- Prompt -
Show each line of the data below in which "ultimately" occurs.

Stored items
★ ★ ★ ★ ★
lemma commuting_germs_order_relation:
  fixes \<phi> \<psi> G \<delta> \<alpha> :: "complex \<Rightarrow> complex"
  assumes \<phi>: "\<phi> analytic_on {0}" "\<phi> 0 = 0" "deriv \<phi> 0 = l"
    and \<psi>: "\<psi> analytic_on {0}" "\<psi> 0 = 0" "deriv \<psi> 0 = l"
    and G: "G analytic_on {0}" "G 0 = 0" "deriv G 0 = 1"
    and commute: "eventually (\<lambda>z. \<phi> (G z) = G (\<phi> z)) (nhds 0)" "\<And>z. \<psi> (G z) = G (\<psi> z)"
    and \<delta>: "s > 0" "\<delta> analytic_on {0}" "\<delta> 0 \<noteq> 0" "eventually (\<lambda>z. \<phi> z - \<psi> z = z ^ s * \<delta> z) (nhds 0)"
    and \<alpha>: "m > 0" "\<alpha> analytic_on {0}" "\<alpha> 0 \<noteq> 0" "eventually (\<lambda>z. G z - z = z ^ m * \<alpha> z) (nhds 0)"
  shows "of_nat s = of_nat m * l ^ (m - 1)"
proof -
  have "((\<lambda>z. (G z - z) / z ^ m) \<longlongrightarrow> \<alpha> 0) (at 0)"
    by (rule power_factor_quotient_tendsto[OF \<alpha>(4,2)])
  \<comment> \<open>the case p = G, q = id, with the roles of (s, \<delta>) and (m, \<alpha>) exchanged\<close>
  then have "((\<lambda>z. ((\<phi> (G z) - \<psi> (G z)) - (\<phi> z - \<psi> z)) / z ^ (m + s - 1))
      \<longlongrightarrow> \<alpha> 0 * (of_nat s * 1 ^ (s - 1)) * \<delta> 0) (at 0)"
    using power_factor_diff_tendsto[OF \<delta>(4,2) G, of "\<lambda>z. z"] \<delta>(1) by simp
  moreover have "\<forall>\<^sub>F z in at 0. ((\<phi> (G z) - \<psi> (G z)) - (\<phi> z - \<psi> z)) / z ^ (m + s - 1)
      = ((G (\<phi> z) - \<phi> z) - (G (\<psi> z) - \<psi> z)) / z ^ (s + m - 1)"
    using eventually_at_if_nhds[OF commute(1)] by eventually_elim (simp add: commute(2) add.commute)
  ultimately have "((\<lambda>z. ((G (\<phi> z) - \<phi> z) - (G (\<psi> z) - \<psi> z)) / z ^ (s + m - 1))
      \<longlongrightarrow> \<alpha> 0 * of_nat s * \<delta> 0) (at 0)"
    by (simp add: tendsto_cong)
  moreover have "((\<lambda>z. ((G (\<phi> z) - \<phi> z) - (G (\<psi> z) - \<psi> z)) / z ^ (s + m - 1))
      \<longlongrightarrow> \<delta> 0 * (of_nat m * l ^ (m - 1)) * \<alpha> 0) (at 0)"
    using power_factor_diff_tendsto[OF \<alpha>(4,2) \<phi> \<psi> power_factor_quotient_tendsto[OF \<delta>(4,2)] \<alpha>(1)]
    by simp
  ultimately have "\<alpha> 0 * of_nat s * \<delta> 0 = \<delta> 0 * (of_nat m * l ^ (m - 1)) * \<alpha> 0"
    by (rule tendsto_unique[OF at_neq_bot])
  then show ?thesis using \<alpha>(3) \<delta>(3) by (simp add: mult.commute mult.left_commute)
qed

lemma unimodular_power_eq_self:
  fixes l :: complex
  assumes "norm l = 1" "m > 0" "of_nat s = of_nat m * l ^ (m - 1)"
  shows "l ^ s = l"
proof -
  have "real s = real m" using arg_cong[OF assms(3), of norm] assms(1) by (simp add: norm_mult norm_power)
  then have "s = m" by simp
  then have "l ^ (s - 1) = 1" using assms(2,3) by simp
  then show ?thesis using \<open>s = m\<close> assms(2) by (cases s) auto
qed

lemma germ_eq_if_funpow_eq:
  fixes \<phi> \<psi> :: "complex \<Rightarrow> complex"
  assumes \<phi>: "\<phi> analytic_on {0}" "\<phi> 0 = 0" "deriv \<phi> 0 = l"
    and \<psi>: "\<psi> analytic_on {0}" "\<psi> 0 = 0" "deriv \<psi> 0 = l"
    and "l ^ n = 1" and funpow_eq: "germ_eq (\<phi> ^^ n) (\<psi> ^^ n)" and "\<not> germ_eq (\<psi> ^^ n) id"
  shows "germ_eq \<phi> \<psi>"
proof (rule ccontr)
  assume "\<not> germ_eq \<phi> \<psi>"
  have "n > 0" using \<open>\<not> germ_eq (\<psi> ^^ n) id\<close> by (cases n) (auto simp: germ_eq_def)
  then have "norm l = 1" "l \<noteq> 0" using power_eq_1_iff[OF \<open>l ^ n = 1\<close>] by auto
  define G where "G = \<psi> ^^ n"
  have G: "G analytic_on {0}" "G 0 = 0" "deriv G 0 = 1"
    using funpow_analytic_at_0[OF \<psi>(1,2), of n] \<psi>(3) \<open>l ^ n = 1\<close> unfolding G_def by auto
  have "(\<lambda>z. \<phi> z - \<psi> z) analytic_on {0}" "\<not> eventually (\<lambda>z. \<phi> z - \<psi> z = 0) (nhds 0)"
    using \<phi>(1) \<psi>(1) \<open>\<not> germ_eq \<phi> \<psi>\<close> by (auto simp: germ_eq_def analytic_on_diff)
  then obtain s \<delta> where \<delta>: "s > 0" "\<delta> analytic_on {0}" "\<delta> 0 \<noteq> 0"
    "eventually (\<lambda>z. \<phi> z - \<psi> z = z ^ s * \<delta> z) (nhds 0)"
    using \<phi>(2) \<psi>(2) by (auto elim: analytic_zero_order_factor)
  have "(\<lambda>z. G z - z) analytic_on {0}" "\<not> eventually (\<lambda>z. G z - z = 0) (nhds 0)"
    using G(1) \<open>\<not> germ_eq (\<psi> ^^ n) id\<close> by (auto simp: germ_eq_def G_def analytic_on_diff)
  then obtain m \<alpha> where \<alpha>: "m > 0" "\<alpha> analytic_on {0}" "\<alpha> 0 \<noteq> 0"
    "eventually (\<lambda>z. G z - z = z ^ m * \<alpha> z) (nhds 0)"
    using G(2) by (auto elim: analytic_zero_order_factor)
  have "eventually (\<lambda>z. \<phi> (G z) = G (\<phi> z)) (nhds 0)"
    using funpow_eq eventually_compose_analytic_at_0[OF funpow_eq[unfolded germ_eq_def] \<phi>(1,2)]
    unfolding germ_eq_def
  proof eventually_elim
    case (elim z)
    then show ?case unfolding G_def by (metis funpow_swap1)
  qed
  moreover have "\<psi> (G z) = G (\<psi> z)" for z unfolding G_def by (rule funpow_swap1)
  ultimately have "of_nat s = of_nat m * l ^ (m - 1)"
    by (rule commuting_germs_order_relation[OF \<phi> \<psi> G _ _ \<delta> \<alpha>])
  then have "l ^ s = l" by (rule unimodular_power_eq_self[OF \<open>norm l = 1\<close> \<alpha>(1)])
  then have "((\<lambda>z. ((\<phi> ^^ n) z - (\<psi> ^^ n) z) / z ^ s) \<longlongrightarrow> of_nat n * l ^ (n - 1) * \<delta> 0) (at 0)"
    by (intro funpow_diff_quotient_tendsto \<phi> \<psi> \<open>l \<noteq> 0\<close> power_factor_quotient_tendsto[OF \<delta>(4,2)])
  moreover have "((\<lambda>z. ((\<phi> ^^ n) z - (\<psi> ^^ n) z) / z ^ s) \<longlongrightarrow> 0) (at 0)"
    using eventually_at_if_nhds[OF funpow_eq[unfolded germ_eq_def], of UNIV]
    by (intro tendsto_eventually) (auto elim: eventually_mono)
  ultimately have "of_nat n * l ^ (n - 1) * \<delta> 0 = 0"
    by (rule tendsto_unique[OF at_neq_bot])
  then show False using \<open>n > 0\<close> \<open>l \<noteq> 0\<close> \<delta>(3) by simp
qed

lemma in_G_analytic_at_0:
  assumes "in_G u"
  shows "u analytic_on {0}" "u 0 = 0" "deriv u 0 \<noteq> 0"
  using assms unfolding in_G_def by (auto simp: analytic_at_ball)

lemma conjugate_analytic_at_0:
  fixes f h k :: "complex \<Rightarrow> complex"
  assumes "in_G h" "germ_inv h k" "f analytic_on {0}" "f 0 = 0"
  shows "(k \<circ> f \<circ> h) analytic_on {0}" "(k \<circ> f \<circ> h) 0 = 0" "deriv (k \<circ> f \<circ> h) 0 = deriv f 0"
proof -
  have h: "h analytic_on {0}" "h 0 = 0" by (rule in_G_analytic_at_0[OF assms(1)])+
  have k: "k analytic_on {0}" "k 0 = 0"
    using assms(2) in_G_analytic_at_0 unfolding germ_inv_def by auto
  have diff: "u field_differentiable at 0" if "u analytic_on {0}" for u :: "complex \<Rightarrow> complex"
    using that by (rule analytic_on_imp_differentiable_at) simp
  show "(k \<circ> f \<circ> h) analytic_on {0}" "(k \<circ> f \<circ> h) 0 = 0"
    using h k assms(3,4) by (auto intro!: analytic_on_compose)
  have "deriv k 0 * deriv h 0 = deriv (k \<circ> h) 0"
    using h k by (simp add: deriv_chain diff)
  also have "\<dots> = deriv id 0"
    using assms(2) unfolding germ_inv_def germ_eq_def by (intro deriv_cong_ev) auto
  finally have "deriv k 0 * deriv h 0 = 1" by simp
  moreover have "deriv (k \<circ> f \<circ> h) 0 = deriv k 0 * deriv f 0 * deriv h 0"
    using h k assms(3,4) by (simp add: deriv_chain diff analytic_on_compose)
  ultimately show "deriv (k \<circ> f \<circ> h) 0 = deriv f 0"
    by (metis mult.commute mult.left_commute mult_1_right)
qed

lemma germ_eq_conjugate_funpow:
  fixes f h k :: "complex \<Rightarrow> complex"
  assumes "in_G h" "germ_inv h k" "f analytic_on {0}" "f 0 = 0"
  shows "germ_eq ((k \<circ> f \<circ> h) ^^ j) (k \<circ> (f ^^ j) \<circ> h)"
  unfolding germ_eq_def
proof (induction j)
  case 0
  show ?case using assms(2) unfolding germ_inv_def germ_eq_def by (auto elim: eventually_mono)
next
  case (Suc j)
  have "((f ^^ j) \<circ> h) analytic_on {0}" "((f ^^ j) \<circ> h) 0 = 0"
    using funpow_analytic_at_0[OF assms(3,4)] in_G_analytic_at_0[OF assms(1)]
    by (auto intro: analytic_on_compose)
  then have "\<forall>\<^sub>F z in nhds 0. h (k ((f ^^ j) (h z))) = (f ^^ j) (h z)"
    using eventually_compose_analytic_at_0[of "\<lambda>w. h (k w) = w" "(f ^^ j) \<circ> h"] assms(2)
    unfolding germ_inv_def germ_eq_def by simp
  with Suc show ?case by eventually_elim simp
qed

lemma germ_eq_id_if_conjugate_id:
  fixes F h k :: "complex \<Rightarrow> complex"
  assumes "in_G h" "germ_inv h k" "F analytic_on {0}" "F 0 = 0" "germ_eq (k \<circ> F \<circ> h) id"
  shows "germ_eq F id"
proof -
  have hk: "\<forall>\<^sub>F z in nhds 0. h (k z) = z"
    using assms(2) unfolding germ_inv_def germ_eq_def by simp
  have "k analytic_on {0}" "k 0 = 0"
    using assms(2) in_G_analytic_at_0 unfolding germ_inv_def by auto
  then have "\<forall>\<^sub>F z in nhds 0. k (F (h (k z))) = k z"
    using eventually_compose_analytic_at_0[OF assms(5)[unfolded germ_eq_def]] by simp
  moreover have "\<forall>\<^sub>F z in nhds 0. h (k (F z)) = F z"
    using eventually_compose_analytic_at_0[OF hk assms(3,4)] .
  ultimately show ?thesis
    using hk unfolding germ_eq_def by eventually_elim (metis id_apply)
qed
★ ★ ★ ★ ★
- Solution for this problem -
  ultimately have "((\<lambda>z. ((G (\<phi> z) - \<phi> z) - (G (\<psi> z) - \<psi> z)) / z ^ (s + m - 1))
  ultimately have "\<alpha> 0 * of_nat s * \<delta> 0 = \<delta> 0 * (of_nat m * l ^ (m - 1)) * \<alpha> 0"
  ultimately have "of_nat s = of_nat m * l ^ (m - 1)"
  ultimately have "of_nat n * l ^ (n - 1) * \<delta> 0 = 0"
  ultimately show "deriv (k \<circ> f \<circ> h) 0 = deriv f 0"
  ultimately show ?thesis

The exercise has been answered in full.